Wild turkeys are one of those creatures that really embody the eastern woodlands, and I saw them not for the resemblance to their agricultural relations but rather for that forest within. Their feathers, scalloped like mushrooms and smooth like a leaf-littered floor, were the colors of venerable bark and marked in an iridescence like foxfire or beetle shell. Their beaded eyes took in everything–us, the steel curves of our bikes, the roadside knit in prairie remnants and field weeds. The flock was about 15 deep, pecking and wandering in the autumn air. The sun gilt on the tips of the soybean fields we sidled complimented the catching prisms, like petrified wood, wrapped within the wings and tails. I was starstruck.
Looking back, I recognize my time with those Waukesha, Wisconsin turkeys as one of those mystical first time experiences; a sudden, happenstance meeting between two species which for one was illuminating and, for the other, utterly ordinary. (But, you never know. Maybe I really blew those turkeys’ minds with my over-packed messenger bag and bright, red, long-gone bike.)
* * *
Here in Boston I see turkeys fairly often. They’ll walk down the sidewalk, along the river, around the hospital. But my favorite interactions with them occur while working in my clients’ gardens. Most recently I’ve enjoyed watching them wander a sweeping Brookline property. I was pruning a Siberian cypress with a friend when I found a Tom standing on a small cliff that bordered the backyard. An exploratory group of hens surrounded him at distances. They’d cock their heads, lift a tenuous leg, and let it go along with their neck, streamlining their upper bodies for the epicurean rapture of some succulent slug or morbidly obese grub. Gazing at them I was tickled with the exhilaration of being allowed to observe another living thing. You see, turkeys let you really look at them.
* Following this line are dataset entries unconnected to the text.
(* Let $d\geq1$, $T>0$ and $\xi=((s_i,t_i))_{1\leq i\leq n}$ with $s_i<t_i$, $[s_i,t_i]\subseteq[0,T]$ for all $i$ and $[s_i,t_i]\cap[s_j,t_j]=\emptyset$ for $i\neq j$. Then for every $u\in[0,\infty)^n$, \[\sigma_T^2(\xi,u)=1-\frac1T\sum_{i=1}^n\tau_i+\frac1T\sum_{i=1}^n\frac{\tau_i}{\tau_iu_i^2+1},\qquad\tau_i:=t_i-s_i.\]
   Context: $\mathcal W$ is the law of standard $d$-dimensional Brownian motion on $C([0,\infty),\mathbb R^d)$, $X_t(\mathbf x)=\mathbf x_t$, $X_{s,t}=X_t-X_s$. For $u\in[0,\infty)^n$, $\phi(\xi,u)=\mathbb E_{\mathcal W}[e^{-\sum_{i=1}^nu_i^2|X_{s_i,t_i}|^2/2}]$, $\mathbf P_{\xi,u}(\mathrm d\mathbf x)=\phi(\xi,u)^{-1}e^{-\sum_iu_i^2|\mathbf x_{t_i}-\mathbf x_{s_i}|^2/2}\mathcal W(\mathrm d\mathbf x)$, and $\sigma_T^2(\xi,u)=\frac1{dT}\mathbb E_{\mathbf P_{\xi,u}}[|X_T-X_0|^2]$. *)

theory Defs
  imports "HOL-Probability.Probability"
begin

text \<open>Expectations under the Wiener
  measure W are expectations of functionals of such a process.\<close>

definition is_std_BM :: "'w measure \<Rightarrow> (real \<Rightarrow> 'w \<Rightarrow> 'a::euclidean_space) \<Rightarrow> bool" where
  "is_std_BM M B \<longleftrightarrow>
     prob_space M \<and>
     (\<forall>t\<ge>0. B t \<in> borel_measurable M) \<and>
     (\<forall>\<omega>\<in>space M. B 0 \<omega> = 0 \<and> continuous_on {0..} (\<lambda>t. B t \<omega>)) \<and>
     (\<forall>(ts::nat \<Rightarrow> real) k. 0 \<le> ts 0 \<and> (\<forall>m<k. ts m < ts (Suc m)) \<longrightarrow>
        prob_space.indep_vars M (\<lambda>_. borel)
          (\<lambda>(m, b) \<omega>. (B (ts (Suc m)) \<omega> - B (ts m) \<omega>) \<bullet> b) ({..<k} \<times> Basis) \<and>
        (\<forall>m<k. \<forall>b\<in>Basis.
          distributed M lborel (\<lambda>\<omega>. (B (ts (Suc m)) \<omega> - B (ts m) \<omega>) \<bullet> b)
            (normal_density 0 (sqrt (ts (Suc m) - ts m)))))"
Unlike many creatures who are easily put off by humans, they’ll kindly allow you to keep an eye on them as long as you also keep your distance. This is a gift that I accept readily and enjoyably, watching their strangely wonderful forms swagger around the city.

Or, if you’re Joe Hutto, you can just snuggle with a turkey and it’s no big deal. Source.
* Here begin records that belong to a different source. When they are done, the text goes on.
lemma contains_1_32_Cons_iff:
  "contains_1_32 (x # xs) \<longleftrightarrow> contains_1_32 xs \<or> (\<exists>z\<in>descent_bottoms xs. x < z)"
proof
  assume "contains_1_32 (x # xs)"
  then obtain i j where ij: "i < j" "Suc j < length (x # xs)"
    "(x # xs) ! i < (x # xs) ! Suc j" "(x # xs) ! Suc j < (x # xs) ! j"
    unfolding contains_1_32_def by blast
  then obtain j' where j': "j = Suc j'" by (cases j) auto
  show "contains_1_32 xs \<or> (\<exists>z\<in>descent_bottoms xs. x < z)"
  proof (cases i)
    case 0
    then show ?thesis using ij j' unfolding descent_bottoms_def by auto
  next
    case (Suc i')
    then show ?thesis
      using ij j' unfolding contains_1_32_def by (intro disjI1 exI[of _ i'] exI[of _ j']) auto
  qed
next
  assume "contains_1_32 xs \<or> (\<exists>z\<in>descent_bottoms xs. x < z)"
  then show "contains_1_32 (x # xs)"
  proof
    assume "contains_1_32 xs"
    then obtain i j where "i < j" "Suc j < length xs" "xs ! i < xs ! Suc j" "xs ! Suc j < xs ! j"
      unfolding contains_1_32_def by blast
    then show ?thesis
      unfolding contains_1_32_def by (intro exI[of _ "Suc i"] exI[of _ "Suc j"]) auto
  next
    assume "\<exists>z\<in>descent_bottoms xs. x < z"
    then obtain j where "Suc j < length xs" "x < xs ! Suc j" "xs ! Suc j < xs ! j"
      unfolding descent_bottoms_def by blast
    then show ?thesis unfolding contains_1_32_def by (intro exI[of _ 0] exI[of _ "Suc j"]) auto
  qed
qed

lemma sorted_imp_not_contains_1_32: "sorted xs \<Longrightarrow> \<not> contains_1_32 xs"
  unfolding contains_1_32_def sorted_iff_nth_Suc by (metis leD)

section \<open>Runs of the 1-32-avoiding stack\<close>

text \<open>
  While the factor \<open>a\<close> after a left-to-right minimum \<open>m\<close> is
  being read, the stack is a valley \<open>rev a @ m # ms\<close>: decreasing down to \<open>m\<close>, sorted below.
\<close>

lemma descent_bottoms_valley:
  assumes "sorted (m # ms)"
  shows "descent_bottoms (rev a @ m # ms) \<subseteq> set a \<union> {m}"
proof -
  have "descent_bottoms (m # ms) = {}"
    using assms by (simp only: descent_bottoms_empty_iff)
  then show ?thesis
    using descent_bottoms_append_Cons[of "rev a" m ms] by auto
qed

lemma not_contains_1_32_valley:
  assumes "sorted_wrt (<) (m # a)" "sorted (m # ms)"
  shows "\<not> contains_1_32 (rev a @ m # ms)"
  using assms
proof (induction a rule: rev_induct)
  case Nil
  then show ?case by (simp add: sorted_imp_not_contains_1_32)
next
  case (snoc y a)
  then have "\<forall>z\<in>set a \<union> {m}. z < y" and "sorted_wrt (<) (m # a)"
    by (auto simp: sorted_wrt_append)
  then have "\<forall>z\<in>descent_bottoms (rev a @ m # ms). \<not> y < z"
    using descent_bottoms_valley[OF snoc.prems(2), of a] by fastforce
  moreover have "\<not> contains_1_32 (rev a @ m # ms)"
    using snoc.IH[OF \<open>sorted_wrt (<) (m # a)\<close> snoc.prems(2)] .
  ultimately show ?case
    by (simp add: contains_1_32_Cons_iff)
qed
If you’re interested in learning about turkeys, visit The National Wild Turkey Federation. And if you want to hear a deliciously cautionary tale as to why you should never, ever feed a wild animal*, do yourself a favor and listen to one of the best This American Life stories of all time, all about Tom, the psycho killer of Martha’s Vineyard.
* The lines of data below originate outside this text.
(* Let $A\in\mathbb{R}^{n\times n}$ be a constant matrix all of whose eigenvalues are real, and let $C:\mathbb{R}_{\geq0}\to\mathbb{R}^{m\times n}$ be continuous and bounded. Write $A=S+N$ where $S$ is diagonalizable, $N$ is nilpotent with index $s\leq n$, and $SN=NS$ (the Jordan–Chevalley decomposition). Let $\mathcal{O}(t)\in\mathbb{R}^{r\times n}$ ($r>0$) be a matrix whose rows are row vectors chosen from $C(t),\,C(t)N,\,\dots,\,C(t)N^{s-1}$. Suppose there exist constants $\delta,\mu>0$ such that $$\int_t^{t+\delta}\mathcal{O}(\tau)^\top\mathcal{O}(\tau)\,d\tau>\mu I_n\quad\text{for all } t\geq0.$$ Then the pair $(A,C(t))$ is uniformly observable.
   Context: A pair $(A(t),C(t))$ of continuous bounded matrix functions is uniformly observable if there exist $\delta,\mu>0$ such that $\frac1\delta\int_t^{t+\delta}\Phi(\tau,t)^\top C(\tau)^\top C(\tau)\Phi(\tau,t)\,d\tau\geq\mu I_n$ for all $t\geq0$, where $\Phi$ is the state transition matrix of $A(t)$ (for constant $A$, $\Phi(\tau,t)=\exp(A(\tau-t))$). *)

theory Defs
  imports "HOL-Analysis.Analysis"
begin

primrec mpow :: "'a::semiring_1^'n^'n \<Rightarrow> nat \<Rightarrow> 'a^'n^'n" where
  "mpow M 0 = mat 1"
| "mpow M (Suc k) = M ** mpow M k"

definition mexp :: "real^'n^'n \<Rightarrow> real^'n^'n" where
  "mexp M = (\<Sum>k. (1 / fact k) *\<^sub>R mpow M k)"

definition trans_mat :: "real^'n^'n \<Rightarrow> real \<Rightarrow> real \<Rightarrow> real^'n^'n" where
  "trans_mat A \<tau> t = mexp ((\<tau> - t) *\<^sub>R A)"

definition mat_gt :: "real^'n^'n \<Rightarrow> real^'n^'n \<Rightarrow> bool" where
  "mat_gt X Y \<longleftrightarrow> (\<forall>x. x \<noteq> 0 \<longrightarrow> x \<bullet> ((X - Y) *v x) > 0)"

definition mat_ge :: "real^'n^'n \<Rightarrow> real^'n^'n \<Rightarrow> bool" where
  "mat_ge X Y \<longleftrightarrow> (\<forall>x. x \<bullet> ((X - Y) *v x) \<ge> 0)"

definition eigenvalue :: "real^'n^'n \<Rightarrow> complex \<Rightarrow> bool" where
  "eigenvalue A c \<longleftrightarrow>
     (\<exists>v::complex^'n. v \<noteq> 0 \<and> (\<chi> i j. complex_of_real (A $ i $ j)) *v v = c *s v)"

definition diagonalizable :: "real^'n^'n \<Rightarrow> bool" where
  "diagonalizable S \<longleftrightarrow>
     (\<exists>P::real^'n^'n. invertible P \<and>
        (\<forall>i j. i \<noteq> j \<longrightarrow> (matrix_inv P ** S ** P) $ i $ j = 0))"

definition nilpotent_index :: "real^'n^'n \<Rightarrow> nat \<Rightarrow> bool" where
  "nilpotent_index N s \<longleftrightarrow> mpow N s = 0 \<and> (\<forall>k<s. mpow N k \<noteq> 0)"

definition uniformly_observable :: "real^'n^'n \<Rightarrow> (real \<Rightarrow> real^'n^'m) \<Rightarrow> bool" where
  "uniformly_observable A C \<longleftrightarrow>
     (\<exists>\<delta>>0. \<exists>\<mu>>0. \<forall>t\<ge>0.
        mat_ge ((1 / \<delta>) *\<^sub>R integral {t..t+\<delta>}
                  (\<lambda>\<tau>. transpose (trans_mat A \<tau> t) ** transpose (C \<tau>) ** C \<tau> ** trans_mat A \<tau> t))
               (\<mu> *\<^sub>R mat 1))"

end

(*
  Write A = S + N. Expanding exp (b A) y over the eigenvalues l of S gives a finite sum of terms
  b^k e^(b l) / k! times the l-eigencomponent of N^k y (k < s). Hence the direction
  sgn (exp (b A) y) converges as b tends to infinity to the direction of the dominant coefficient
  (largest l, then largest k), and N annihilates that coefficient. By compactness of the unit
  sphere there is a uniform Lw such that every unit vector y has, starting in [0, Lw], a window of
  length delta on which the direction u of exp (b A) y is almost constant and almost in the kernel
  of N. On that window C N^k u is small for k > 0 and C u is controlled by C exp (b A) y, so the
  excitation condition on the rows of C, C N, ..., C N^(s-1), applied to u, bounds the
  observation energy of y over [0, Lw + delta] from below.
*)

theory Submission
  imports Defs "HOL-Real_Asymp.Real_Asymp"
begin

section \<open>Matrix exponential through a Banach algebra of square matrices\<close>

lemma matrix_mult_add_rdistrib: "(A + B) ** C = A ** C + B ** C"
  for A B :: "'a::semiring_1^'n^'m"
  by (vector matrix_matrix_mult_def sum.distrib[symmetric] field_simps)

lemma onorm_matrix_le_norm: "onorm ((*v) M) \<le> real CARD('m) * real CARD('n) * norm M"
  for M :: "real^'n^'m"
proof (rule onorm_le_matrix_component)
  fix i j
  have "\<bar>M $ i $ j\<bar> \<le> norm (M $ i)" by (rule component_le_norm_cart)
  also have "\<dots> \<le> norm M" unfolding norm_vec_def[of M] by (rule member_le_L2_set) simp_all
  finally show "\<bar>M $ i $ j\<bar> \<le> norm M" .
qed

lemma norm_matrix_le_onorm: "norm M \<le> real CARD('m) * real CARD('n) * onorm ((*v) M)"
  for M :: "real^'n^'m"
proof -
  have "norm M \<le> (\<Sum>i\<in>UNIV. norm (M $ i))"
    unfolding norm_vec_def by (rule L2_set_le_sum) auto
  also have "\<dots> \<le> (\<Sum>i\<in>(UNIV::'m set). \<Sum>j\<in>(UNIV::'n set). \<bar>M $ i $ j\<bar>)"
    by (intro sum_mono norm_le_l1_cart)
  also have "\<dots> \<le> (\<Sum>i\<in>(UNIV::'m set). \<Sum>j\<in>(UNIV::'n set). onorm ((*v) M))"
    by (intro sum_mono matrix_component_le_onorm)
  finally show ?thesis by simp
qed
As for “My Life as a Turkey,” it’s wonderfully thoughtful and thought-provoking. If you’re on the fence about whether to want to watch a few dozen minutes about a guy hanging out with a bunch of large birds, just think: this is a man obsessed. Joe Hutto raises the turkeys from scratch and, once they’re old enough to venture into the wild, follows them through backwoods Florida. He rarely leaves his property for fear that something could happen to the precious brood. Hutto learns how to coo the language of the jakes and jennys and finds love and brotherhood in the little flock. And…he’s a man; a human who seemingly longs to transform himself wholly into one of the surprisingly elegant and innately wild birds that he so admires. Aren’t you curious to see what happens to a grown man who attempts to fully integrate himself into a gaggle of woodland turkeys? Answer: Yes, yes you are. So watch, enjoy, and tell me what you think.
A second request: the next time that you see a wild turkey, or some other bird that you take for granted and make assumptions about, consider who that creature really is. How does it operate? Does it get by? Consider whether you really have any idea what this living being is all about. It may appear undeniably silly, but the bird before (or above) you may also be able to teach you something about themselves, their environment, and how you tie into all of it.

Wild Turkey by John James Audubon. Source.
* Don’t worry, you can still have a bird feeder. Just not a turkey feeder. Seriously, don’t make a turkey feeder.